China’s CNCBD has claimed that a drug named Favipiravir, which was developed about 25 years ago, has some properties that can treat COVID-19 patients. Favipiravir was developed in Japan by the drug manufacturer Fuji.
In India, Mumbai based Lasa Supergenerics has started working on the development of Favipiravir. Also, French drugmaker Sanofi has collaborated with the US firm Regeneron to see if Sanofi’s drug for arthritis, KEVZARA can treat coronavirus.
In Australia, clinical trials have been started for a drug named Chloroquine which has shown optimistic results in infected humans.
Governments trying different approaches to contain the virus
Governments are passing extraordinary laws to help their citizens fight the pandemic. In the US, Trump assured free coronavirus testing to anyone, including people who are uninsured and signed a bill granting paid leave advantages to Americans.
The UK decided to go against the flow of quarantine and social distancing. The UK Government chose a strategy called herd behaviour, allowing people who will get a mild illness to get immune. The plan was aimed to suppress the virus gradually rather than crushing it completely. However, some test results showed how badly hospitals would be burdened and strain their capacity beyond the breaking point. Hence the UK deviated from the course of herd immunity.
Countries like Italy, France, Spain, Argentina and the US are going for major lockdowns within their country to restrict movement and contain the spread of the disease. Australia also announced the shutdown of non-essential services from March 23 due to rising COVID-19 cases in the country.
CO2 levels falling and solidarity rising
Global air pollution and CO2 levels have gone down significantly since the virus has started to impact work and travel.
People in various countries are coming together and uniting to fight the coronavirus pandemic. In Italy, people have come together to sing songs from their balconies while in Spain, people clapped hands for the nurses, doctors and other healthcare providers who are working hard to take care of the rising number of patients.
Stock Market Rally after the plunge
With the constant rise in the number of coronavirus cases, shares have plunged all around the world to historic lows during past weeks due to mounting fears in investors of slow economic growth and plunge in company profits.
Trillions of dollars have been wiped off from the global equity markets recently.

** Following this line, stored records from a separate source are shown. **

(* Let $\epsilon>0$. If $A=(a_n)_{n\ge1}$ is a monotonically increasing sequence of positive integers which is $\epsilon$-complete, then there is a constant $C$ such that $a_n\le\sum_{i\le\epsilon n+C}a_i$ for all positive integers $n$.
   Context: For a sequence $A$ of positive integers, $\Sigma(A)$ is the set of sums of distinct terms of $A$; $A$ is complete if every sufficiently large positive integer lies in $\Sigma(A)$. $A$ is $\epsilon$-complete if every subsequence $A'$ of $A$ with $|A'\cap[n]|\ge\epsilon|A\cap[n]|$ for all sufficiently large $n$ is complete. *)

theory Defs
  imports Complex_Main
begin

text \<open>A sequence A = (a_n)_{n>=1} is a function a :: nat => nat, only the values at
  indices n >= 1 being relevant. A subsequence A' is given by a set I of indices
  (I \<subseteq> {1..}). Terms are counted with multiplicity (by index).\<close>

definition subsums :: "(nat \<Rightarrow> nat) \<Rightarrow> nat set \<Rightarrow> nat set" where
  "subsums a I = {(\<Sum>i\<in>F. a i) | F. finite F \<and> F \<subseteq> I}"

definition complete_seq :: "(nat \<Rightarrow> nat) \<Rightarrow> nat set \<Rightarrow> bool" where
  "complete_seq a I \<longleftrightarrow> (\<exists>N. \<forall>m\<ge>N. m \<in> subsums a I)"

definition count_le :: "(nat \<Rightarrow> nat) \<Rightarrow> nat set \<Rightarrow> nat \<Rightarrow> nat" where
  "count_le a I n = card {i \<in> I. a i \<le> n}"

definition eps_complete :: "real \<Rightarrow> (nat \<Rightarrow> nat) \<Rightarrow> bool" where
  "eps_complete \<epsilon> a \<longleftrightarrow>
     (\<forall>I. I \<subseteq> {1..} \<longrightarrow>
        (\<exists>N. \<forall>n\<ge>N. real (count_le a I n) \<ge> \<epsilon> * real (count_le a {1..} n))
        \<longrightarrow> complete_seq a I)"

end

theory Submission
  imports Defs
begin

text \<open>Suppose no constant C works. Then one finds indices 0 = n_0 < n_1 < n_2 < ... and
  cut-offs n_k \<le> s_k < n_{k+1} with s_k - n_k \<ge> \<epsilon> n_{k+1} and a_1 + ... + a_{s_k} < a_{n_{k+1}} - 1.
  Deleting the index gaps (s_k, n_{k+1}) leaves a subsequence that still has relative
  density \<epsilon> in every initial segment, because each gap is paid for by the
  preceding block (n_k, s_k]. But no sum of distinct terms of this subsequence equals
  a_{n_{k+1}} - 1: terms of index \<ge> n_{k+1} are too large, and all the others together
  are too small. So the subsequence is not complete, contradicting \<epsilon>-completeness.\<close>

lemma nat_interval_eq_floor:
  assumes "(x::real) \<ge> 0"
  shows "{i::nat. 1 \<le> i \<and> real i \<le> x} = {1..nat \<lfloor>x\<rfloor>}"
  using assms by (auto simp: le_nat_iff le_floor_iff)

lemma initial_segment_eq_atLeastAtMost:
  fixes S :: "nat set"
  assumes "finite S" "S \<subseteq> {1..}"
    and down_closed: "\<And>i j. j \<in> S \<Longrightarrow> 1 \<le> i \<Longrightarrow> i \<le> j \<Longrightarrow> i \<in> S"
  shows "\<exists>M. S = {1..M}"
proof (cases "S = {}")
  case True
  then show ?thesis by (intro exI[of _ 0]) auto
next
  case False
  then have "Max S \<in> S" using \<open>finite S\<close> by simp
  then have "S = {1..Max S}"
    using assms by (auto intro: down_closed[of "Max S"])
  then show ?thesis by blast
qed

lemma count_le_dense_if_prefixes_dense:
  fixes a :: "nat \<Rightarrow> nat"
  assumes mono: "\<forall>m n. 1 \<le> m \<longrightarrow> m \<le> n \<longrightarrow> a m \<le> a n"
    and "I \<subseteq> {1..}"
    and dense: "\<And>M. \<epsilon> * real M \<le> real (card (I \<inter> {1..M}))"
  shows "\<epsilon> * real (count_le a {1..} x) \<le> real (count_le a I x)"
proof (cases "finite {i \<in> {1..}. a i \<le> x}")
  case True
  moreover have "i \<in> {i \<in> {1..}. a i \<le> x}"
    if "j \<in> {i \<in> {1..}. a i \<le> x}" "1 \<le> i" "i \<le> j" for i j
    using that mono by (auto intro: le_trans)
  ultimately obtain M where M: "{i \<in> {1..}. a i \<le> x} = {1..M}"
    using initial_segment_eq_atLeastAtMost[of "{i \<in> {1..}. a i \<le> x}"] by auto
  then have "{i \<in> I. a i \<le> x} = I \<inter> {1..M}" using \<open>I \<subseteq> {1..}\<close> by blast
  then show ?thesis unfolding count_le_def M using dense[of M] by simp
next
  case False
  then show ?thesis unfolding count_le_def by simp
qed

lemma not_in_subsums_across_gap:
  fixes a :: "nat \<Rightarrow> nat"
  assumes mono: "\<forall>m n. 1 \<le> m \<longrightarrow> m \<le> n \<longrightarrow> a m \<le> a n"
    and "I \<subseteq> {1..}" and gap: "I \<inter> {T<..<N} = {}" and "1 \<le> N"
    and below: "(\<Sum>i=1..T. a i) < m" and above: "m < a N"
  shows "m \<notin> subsums a I"
proof
  assume "m \<in> subsums a I"
  then obtain F where F: "finite F" "F \<subseteq> I" "m = (\<Sum>i\<in>F. a i)"
    unfolding subsums_def by blast
  show False
  proof (cases "\<exists>i\<in>F. N \<le> i")
    case True
    then obtain i where "i \<in> F" "N \<le> i" by blast
    then have "a N \<le> a i" using mono \<open>1 \<le> N\<close> by blast
    also have "a i \<le> m" using F \<open>i \<in> F\<close> by (auto intro: member_le_sum)
    finally show False using above by simp
  next
    case False
    then have "F \<subseteq> {1..T}" using F(2) gap \<open>I \<subseteq> {1..}\<close> by fastforce
    then have "m \<le> (\<Sum>i=1..T. a i)" unfolding F(3) by (intro sum_mono2) auto
    then show False using below by simp
  qed
qed

definition indices_outside_gaps :: "(nat \<Rightarrow> nat) \<Rightarrow> (nat \<Rightarrow> nat) \<Rightarrow> nat set" where
  "indices_outside_gaps s n = {1..} - (\<Union>k. {s k<..<n (Suc k)})"

lemma strict_mono_if_interleaved:
  fixes n s :: "nat \<Rightarrow> 'a::order"
  assumes "\<And>k. n k \<le> s k" "\<And>k. s k < n (Suc k)"
  shows "strict_mono n"
  unfolding strict_mono_Suc_iff using assms le_less_trans by blast

lemma block_subset_indices_outside_gaps:
  assumes "\<And>k. n k \<le> s k" "\<And>k. s k < n (Suc k)"
  shows "{n k<..s k} \<subseteq> indices_outside_gaps s n"
proof
  fix i assume i: "i \<in> {n k<..s k}"
  have mono_n: "strict_mono n" using assms by (rule strict_mono_if_interleaved)
  have "i \<notin> {s j<..<n (Suc j)}" for j
  proof (cases j k rule: linorder_cases)
    case less
    then have "n (Suc j) \<le> n k" using mono_n by (simp add: strict_mono_less_eq)
    then show ?thesis using i by simp
  next
    case greater
    then have "n (Suc k) \<le> n j" using mono_n by (simp add: strict_mono_less_eq)
    then show ?thesis using i assms[of k] assms(1)[of j] by simp
  qed (use i in simp)
  then show "i \<in> indices_outside_gaps s n"
    using i unfolding indices_outside_gaps_def by auto
qed

lemma indices_outside_gaps_dense:
  fixes \<epsilon> :: real
  assumes "0 \<le> \<epsilon>" "n 0 = 0"
    and le_s: "\<And>k. n k \<le> s k" and s_less: "\<And>k. s k < n (Suc k)"
    and long_blocks: "\<And>k. \<epsilon> * real (n (Suc k)) \<le> real (s k) - real (n k)"
  shows "\<epsilon> * real M \<le> real (card (indices_outside_gaps s n \<inter> {1..M}))"
proof -
  let ?I = "indices_outside_gaps s n"
  have "\<epsilon> * real (n 1) \<le> real (s 0)" "real (s 0) < real (n 1)"
    using long_blocks[of 0] s_less[of 0] \<open>n 0 = 0\<close> by simp_all
  then have "\<epsilon> * real (n 1) < 1 * real (n 1)" by linarith
  then have "\<epsilon> \<le> 1" by (meson less_imp_le mult_right_less_imp_less of_nat_0_le_iff)
  have "\<forall>M \<le> n k. \<epsilon> * real M \<le> real (card (?I \<inter> {1..M}))" for k
  proof (induction k)
    case 0
    then show ?case using \<open>n 0 = 0\<close> by simp
  next
    case (Suc k)
    show ?case
    proof (intro allI impI)
      fix M assume M: "M \<le> n (Suc k)"
      show "\<epsilon> * real M \<le> real (card (?I \<inter> {1..M}))"
      proof (cases "M \<le> n k")
        case True
        then show ?thesis using Suc.IH by simp
      next
        case False
        let ?B = "{n k<..min M (s k)}"
        have sub: "?I \<inter> {1..n k} \<union> ?B \<subseteq> ?I \<inter> {1..M}"
          using False block_subset_indices_outside_gaps[of n s k, OF le_s s_less] by auto
        moreover have "card (?I \<inter> {1..n k} \<union> ?B) = card (?I \<inter> {1..n k}) + card ?B"
          by (intro card_Un_disjoint) auto
        ultimately have card_M: "card (?I \<inter> {1..n k}) + (min M (s k) - n k) \<le> card (?I \<inter> {1..M})"
          using card_mono[OF _ sub] by simp
        have IH: "\<epsilon> * real (n k) \<le> real (card (?I \<inter> {1..n k}))" using Suc.IH by simp
        show ?thesis
        proof (cases "M \<le> s k")
          case True
          have "\<epsilon> * (real M - real (n k)) \<le> real M - real (n k)"
            using \<open>\<epsilon> \<le> 1\<close> \<open>0 \<le> \<epsilon>\<close> False by (intro mult_left_le_one_le) auto
          then show ?thesis using IH card_M True False by (simp add: algebra_simps)
        next
          case False
          have "\<epsilon> * real M \<le> \<epsilon> * real (n (Suc k))" using M \<open>0 \<le> \<epsilon>\<close> by (simp add: mult_left_mono)
          also have "\<dots> \<le> real (s k - n k)" using long_blocks[of k] le_s[of k] by simp
          also have "\<dots> \<le> real (card (?I \<inter> {1..M}))" using card_M False by simp
          finally show ?thesis .
        qed
      qed
    qed
  qed
  moreover have "M \<le> n M"
    using strict_mono_if_interleaved[of n s, OF le_s s_less] by (rule seq_suble)
  ultimately show ?thesis by blast
qed

text \<open>The violation is used with C = b + 2, and s is taken one below the last index
  \<lfloor>\<epsilon> n + b + 2\<rfloor> of the violating sum; dropping that last (positive) term makes the
  bound strict.\<close>

lemma block_before_violation:
  fixes a :: "nat \<Rightarrow> nat" and \<epsilon> :: real
  assumes "0 \<le> \<epsilon>" and pos: "\<forall>n\<ge>1. a n > 0" and "1 \<le> n"
    and violation: "(\<Sum>i\<in>{i. 1 \<le> i \<and> real i \<le> \<epsilon> * real n + (real b + 2)}. a i) < a n"
  shows "\<exists>s. b \<le> s \<and> s < n \<and> \<epsilon> * real n \<le> real s - real b \<and> Suc (\<Sum>i=1..s. a i) < a n"
proof -
  define x where "x = \<epsilon> * real n + (real b + 2)"
  define t where "t = nat \<lfloor>x\<rfloor>"
  have "0 \<le> x" using \<open>0 \<le> \<epsilon>\<close> unfolding x_def by simp
  then have sum_t: "(\<Sum>i=1..t. a i) < a n"
    using violation unfolding t_def x_def[symmetric] nat_interval_eq_floor[OF \<open>0 \<le> x\<close>] by simp
  have "b + 2 \<le> t" unfolding t_def x_def using \<open>0 \<le> \<epsilon>\<close> by (intro le_nat_floor) simp
  have "x < real t + 1" unfolding t_def using \<open>0 \<le> x\<close> by linarith
  have "t < n"
  proof (rule ccontr)
    assume "\<not> t < n"
    then have "a n \<le> (\<Sum>i=1..t. a i)" using \<open>1 \<le> n\<close> by (intro member_le_sum) auto
    then show False using sum_t by simp
  qed
  have "(\<Sum>i=1..t. a i) = (\<Sum>i=1..t - 1. a i) + a t"
    using \<open>b + 2 \<le> t\<close> by (cases t) auto
  moreover have "a t > 0" using pos \<open>b + 2 \<le> t\<close> by simp
  ultimately have "Suc (\<Sum>i=1..t - 1. a i) < a n" using sum_t by linarith
  moreover have "\<epsilon> * real n \<le> real (t - 1) - real b"
    using \<open>x < real t + 1\<close> \<open>b + 2 \<le> t\<close> unfolding x_def by simp
  ultimately show ?thesis using \<open>b + 2 \<le> t\<close> \<open>t < n\<close> by (intro exI[of _ "t - 1"]) auto
qed

lemma gap_sequence_if_always_violated:
  fixes a :: "nat \<Rightarrow> nat" and \<epsilon> :: real
  assumes "0 \<le> \<epsilon>" and pos: "\<forall>n\<ge>1. a n > 0"
    and violation: "\<And>C. \<exists>n\<ge>1. (\<Sum>i\<in>{i. 1 \<le> i \<and> real i \<le> \<epsilon> * real n + C}. a i) < a n"
  obtains n s :: "nat \<Rightarrow> nat"
  where "n 0 = 0" "\<And>k. n k \<le> s k" "\<And>k. s k < n (Suc k)"
    "\<And>k. \<epsilon> * real (n (Suc k)) \<le> real (s k) - real (n k)"
    "\<And>k. Suc (\<Sum>i=1..s k. a i) < a (n (Suc k))"
proof -
  have "\<exists>n' s. b \<le> s \<and> s < n' \<and> \<epsilon> * real n' \<le> real s - real b \<and> Suc (\<Sum>i=1..s. a i) < a n'"
    for b using violation[of "real b + 2"] block_before_violation[OF \<open>0 \<le> \<epsilon>\<close> pos] by blast
  then obtain next_index cut where step:
    "\<And>b. b \<le> cut b \<and> cut b < next_index b \<and> \<epsilon> * real (next_index b) \<le> real (cut b) - real b
       \<and> Suc (\<Sum>i=1..cut b. a i) < a (next_index b)"
    by metis
  define n where "n k = (next_index ^^ k) 0" for k
  show ?thesis
    by (rule that[of n "\<lambda>k. cut (n k)"]) (use step in \<open>simp_all add: n_def\<close>)
qed

theorem theorem4p1:
  fixes \<epsilon> :: real and a :: "nat \<Rightarrow> nat"
  assumes "\<epsilon> > 0"
    and "\<forall>n\<ge>1. a n > 0"
    and "\<forall>m n. 1 \<le> m \<longrightarrow> m \<le> n \<longrightarrow> a m \<le> a n"
    and "eps_complete \<epsilon> a"
  shows "\<exists>C::real. \<forall>n\<ge>1. a n \<le> (\<Sum>i\<in>{i. 1 \<le> i \<and> real i \<le> \<epsilon> * real n + C}. a i)"
proof (rule ccontr)
  have "0 \<le> \<epsilon>" using assms(1) by simp
  assume "\<not> ?thesis"
  then have "\<exists>n\<ge>1. (\<Sum>i\<in>{i. 1 \<le> i \<and> real i \<le> \<epsilon> * real n + C}. a i) < a n" for C
    by (auto simp: not_le)
  then obtain n s where gaps: "n 0 = 0" "\<And>k. n k \<le> s k" "\<And>k. s k < n (Suc k)"
      "\<And>k. \<epsilon> * real (n (Suc k)) \<le> real (s k) - real (n k)"
    and sum_below: "\<And>k. Suc (\<Sum>i=1..s k. a i) < a (n (Suc k))"
    by (rule gap_sequence_if_always_violated[OF \<open>0 \<le> \<epsilon>\<close> assms(2)]) (rule that)
  define I where "I = indices_outside_gaps s n"
  have "I \<subseteq> {1..}" unfolding I_def indices_outside_gaps_def by blast
  have "\<epsilon> * real M \<le> real (card (I \<inter> {1..M}))" for M
    using \<open>0 \<le> \<epsilon>\<close> gaps unfolding I_def by (rule indices_outside_gaps_dense)
  then have "\<epsilon> * real (count_le a {1..} x) \<le> real (count_le a I x)" for x
    by (rule count_le_dense_if_prefixes_dense[OF assms(3) \<open>I \<subseteq> {1..}\<close>])
  then have "complete_seq a I"
    using assms(4) \<open>I \<subseteq> {1..}\<close> unfolding eps_complete_def by blast
  then obtain N where N: "\<And>m. N \<le> m \<Longrightarrow> m \<in> subsums a I"
    unfolding complete_seq_def by blast
  have "N \<le> s N"
    using seq_suble[OF strict_mono_if_interleaved[of n s, OF gaps(2,3)]] gaps(2) le_trans by blast
  also have "s N \<le> (\<Sum>i=1..s N. a i)"
    using sum_mono[of "{1..s N}" "\<lambda>_. 1" a] assms(2) by (simp add: Suc_le_eq)
  finally have "a (n (Suc N)) - 1 \<in> subsums a I" using N sum_below[of N] by simp
  moreover have "a (n (Suc N)) - 1 \<notin> subsums a I"
    using sum_below[of N] gaps(3)[of N]
    by (intro not_in_subsums_across_gap[OF assms(3) \<open>I \<subseteq> {1..}\<close>, of "s N" "n (Suc N)"])
      (auto simp: I_def indices_outside_gaps_def)
  ultimately show False by contradiction
qed

end
(* Assume (SH). For every $x\in\operatorname{dom}f$, \[ \partial f(x)=\bigcap_{\varepsilon>0}\overline{\operatorname{co}}\Big(\Big(\bigcup_{t\in T(x)}\partial_\varepsilon f_t(x)\Big)+\Big(\bigcup_{t\in T\setminus T(x)}\{0,\varepsilon\}\,\partial_\varepsilon(\rho_tf_t)(x)\Big)\Big), \] where $\rho_t=\rho_t(\varepsilon):=\dfrac{\varepsilon}{2f(x)-2f_t(x)+\varepsilon}$ for $t\in T\setminus T(x)$ (and the second union is $\{\theta\}$ when $T(x)=T$). If in addition $f$ attains its minimum at $x$, then also \[ \partial f(x)=\bigcap_{\varepsilon>0}\overline{\operatorname{co}}\Big(\Big(\bigcup_{t\in T(x)}\partial_\varepsilon f_t(x)\Big)\cup\Big(\bigcup_{t\in T\setminus T(x)}\varepsilon\,\partial_\varepsilon(\rho_tf_t)(x)\Big)\Big). \]
   Context: $X$ is a real separated locally convex space with dual $X^*$ carrying the weak$^*$ topology; $\theta$ is the zero of $X^*$. $T$ is a nonempty index set, $\{f_t: t\in T\}$ are proper convex lsc functions $X\to\mathbb{R}\cup\{+\infty\}$, $f:=\sup_{t\in T}f_t$. $T(x):=\{t\in T: f_t(x)=f(x)\}$. $\partial_\varepsilon g(x)$ is the $\varepsilon$-subdifferential ($\{x^*:\ g(y)\ge g(x)+\langle x^*,y-x\rangle-\varepsilon\ \forall y\}$ if $g(x)\in\mathbb{R}$), $\partial=\partial_0$. $\Lambda A=\{\lambda a:\lambda\in\Lambda,a\in A\}$; $+$ is the Minkowski sum; $\overline{\operatorname{co}}$ is the weak$^*$-closed convex hull. (SH): $T$ is compact Hausdorff and $t\mapsto f_t(z)$ is upper semicontinuous on $T$ for each $z\in X$. *)

theory Defs
  imports "HOL-Analysis.Analysis" "HOL-Library.Extended_Real"
begin

definition lcs_space :: "'x::{real_vector,t2_space} itself \<Rightarrow> bool" where
  "lcs_space _ \<longleftrightarrow>
     continuous_on UNIV (\<lambda>(u::'x, v::'x). u + v) \<and>
     continuous_on UNIV (\<lambda>(c::real, v::'x). c *\<^sub>R v) \<and>
     (\<forall>U::'x set. open U \<and> 0 \<in> U \<longrightarrow> (\<exists>V. open V \<and> convex V \<and> 0 \<in> V \<and> V \<subseteq> U))"

definition dual :: "('x::{real_vector,topological_space} \<Rightarrow> real) set" where
  "dual = {\<phi>. linear \<phi> \<and> continuous_on UNIV \<phi>}"

text \<open>Weak* topology on X*: the topology of pointwise convergence (product topology
  on functions) restricted to the dual.\<close>
definition wstar_closed :: "('x::{real_vector,topological_space} \<Rightarrow> real) set \<Rightarrow> bool" where
  "wstar_closed C \<longleftrightarrow> C \<subseteq> dual \<and> closedin (top_of_set dual) C"

definition fconvex :: "('x \<Rightarrow> real) set \<Rightarrow> bool" where
  "fconvex C \<longleftrightarrow> (\<forall>a\<in>C. \<forall>b\<in>C. \<forall>u::real. 0 \<le> u \<and> u \<le> 1 \<longrightarrow>
       (\<lambda>y. (1 - u) * a y + u * b y) \<in> C)"

definition wstar_cco :: "('x::{real_vector,topological_space} \<Rightarrow> real) set \<Rightarrow> ('x \<Rightarrow> real) set" where
  "wstar_cco A = \<Inter>{C. A \<subseteq> C \<and> fconvex C \<and> wstar_closed C}"

definition msum :: "('x \<Rightarrow> real) set \<Rightarrow> ('x \<Rightarrow> real) set \<Rightarrow> ('x \<Rightarrow> real) set" where
  "msum A B = {(\<lambda>y. a y + b y) | a b. a \<in> A \<and> b \<in> B}"

definition smul_set :: "real set \<Rightarrow> ('x \<Rightarrow> real) set \<Rightarrow> ('x \<Rightarrow> real) set" where
  "smul_set \<Lambda> A = {(\<lambda>y. l * a y) | l a. l \<in> \<Lambda> \<and> a \<in> A}"

definition proper_fun :: "('x \<Rightarrow> ereal) \<Rightarrow> bool" where
  "proper_fun g \<longleftrightarrow> (\<forall>y. g y \<noteq> -\<infinity>) \<and> (\<exists>y. g y < \<infinity>)"

definition convex_fun :: "('x::real_vector \<Rightarrow> ereal) \<Rightarrow> bool" where
  "convex_fun g \<longleftrightarrow> convex {(y, r::real). g y \<le> ereal r}"

definition lsc_fun :: "('x::topological_space \<Rightarrow> ereal) \<Rightarrow> bool" where
  "lsc_fun g \<longleftrightarrow> (\<forall>c::ereal. closed {y. g y \<le> c})"

definition eps_subdiff :: "('x::{real_vector,topological_space} \<Rightarrow> ereal) \<Rightarrow> real \<Rightarrow> 'x \<Rightarrow> ('x \<Rightarrow> real) set" where
  "eps_subdiff g \<epsilon> x =
     (if \<bar>g x\<bar> \<noteq> \<infinity> then {\<phi> \<in> dual. \<forall>y. g y \<ge> g x + ereal (\<phi> y - \<phi> x - \<epsilon>)} else {})"

end

(*
  The inclusion of the right-hand sides in the subdifferential is elementary: for every y, each
  functional in the sets on the right satisfies the subgradient inequality at x up to an error
  O(epsilon) (for the inactive indices because rho_t (f(x) - f_t(x)) <= epsilon/2; in the second
  formula the minimality of f(x) absorbs the remaining factor), and such half-space constraints
  pass to weak*-closed convex hulls.

  Conversely, let phi be a subgradient of f at x outside the hull for some epsilon. Weak*
  separation yields a direction z and a bound r < phi(z) on the hull, hence on the
  epsilon-subgradients of the active f_t and, up to a constant, on those of the scaled inactive
  ones. A bound on the epsilon-subdifferential of g at x in direction z forces
  g(x + s z) < g(x) - epsilon/2 + s r' for some s > 0 and any r' > r (proved with affine
  minorants and a separation in the plane). So the active f_t descend below f(x) + s r' along z,
  and the inactive f_t are finite somewhere along z. Convexity and upper semicontinuity in t
  spread each such step to a neighbourhood of t, compactness of T makes it uniform, and we get
  f(x + sigma z) <= f(x) + sigma r' < f(x) + sigma phi(z), which contradicts phi being a
  subgradient.

  As X is an arbitrary locally convex space, the separations in X x R and in the dual with its
  weak* topology are derived from the Hahn-Banach theorem for sublinear functionals, applied to
  Minkowski functionals of open convex sets.
*)

theory Submission
  imports Defs "HOL-Library.Function_Algebras"
begin

section \<open>The Hahn--Banach theorem\<close>

definition dominated_linear_graph :: "('v::real_vector \<Rightarrow> real) \<Rightarrow> ('v \<times> real) set \<Rightarrow> bool" where
  "dominated_linear_graph p H \<longleftrightarrow>
     (\<forall>u a b. (u, a) \<in> H \<longrightarrow> (u, b) \<in> H \<longrightarrow> a = b) \<and>
     (\<forall>u a w b. (u, a) \<in> H \<longrightarrow> (w, b) \<in> H \<longrightarrow> (u + w, a + b) \<in> H) \<and>
     (\<forall>u a c. (u, a) \<in> H \<longrightarrow> (c *\<^sub>R u, c * a) \<in> H) \<and>
     (\<forall>u a. (u, a) \<in> H \<longrightarrow> a \<le> p u)"

lemma dominated_linear_graphI:
  assumes "\<And>u a b. (u, a) \<in> H \<Longrightarrow> (u, b) \<in> H \<Longrightarrow> a = b"
    and "\<And>u a w b. (u, a) \<in> H \<Longrightarrow> (w, b) \<in> H \<Longrightarrow> (u + w, a + b) \<in> H"
    and "\<And>u a c. (u, a) \<in> H \<Longrightarrow> (c *\<^sub>R u, c * a) \<in> H"
    and "\<And>u a. (u, a) \<in> H \<Longrightarrow> a \<le> p u"
  shows "dominated_linear_graph p H"
  using assms unfolding dominated_linear_graph_def by blast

Dow and S&P 500 that traded at all-time highs in February 2020, plunged to 19,173.98 and 2,304.92 points on March 20. The indices have been sinking, with an attempt to rally on some days but failing, since February 20, 2020. Falling crude prices, strengthening dollar and unprecedented lockdown for New York weighed down the market on March 20, 2020.
The Dow Jones Futures, along with S&P 500 Futures and Nasdaq Futures, hit circuit-breaker on March 18’s pre-market session on coronavirus fears.
The S&P/ASX200, which has been sliding since February 20, with ups and downs, finished at 4816.6 on March 20.
However, The Federal Reserve and major central banks retorted with a range of stimulus measures like interest rate cuts and stimulus packages to bring liquidity and revive their economies which resulted in surging up of the global stock markets.
Dow Futures, Nasdaq Futures and S&P 500 Futures gained sharply on March 20, closing the highly volatile week with a turnaround.
Europe’s FTSE 100 traded about 2% higher on March 20, 2020, due to the rise in energy stocks after oil prices bounced back while Germany’s DAX, South Korea’s KOSPI and Shanghai Composite also traded higher during the day. China’s Shanghai Composite Index has been declining, but the markets in China have suffered the least as compared to global stock markets amid the virus infection.
Asian stocks and European markets closed with gains after central banks including Fed, European Central Bank and Bank of England committed to increasing spending and credit guarantees for the markets.
With a slew of measures being taken by the governments to combat the credit crunch in the economy and support financial markets, the environment is expected to still remain uncertain until COVID-19 spread is contained.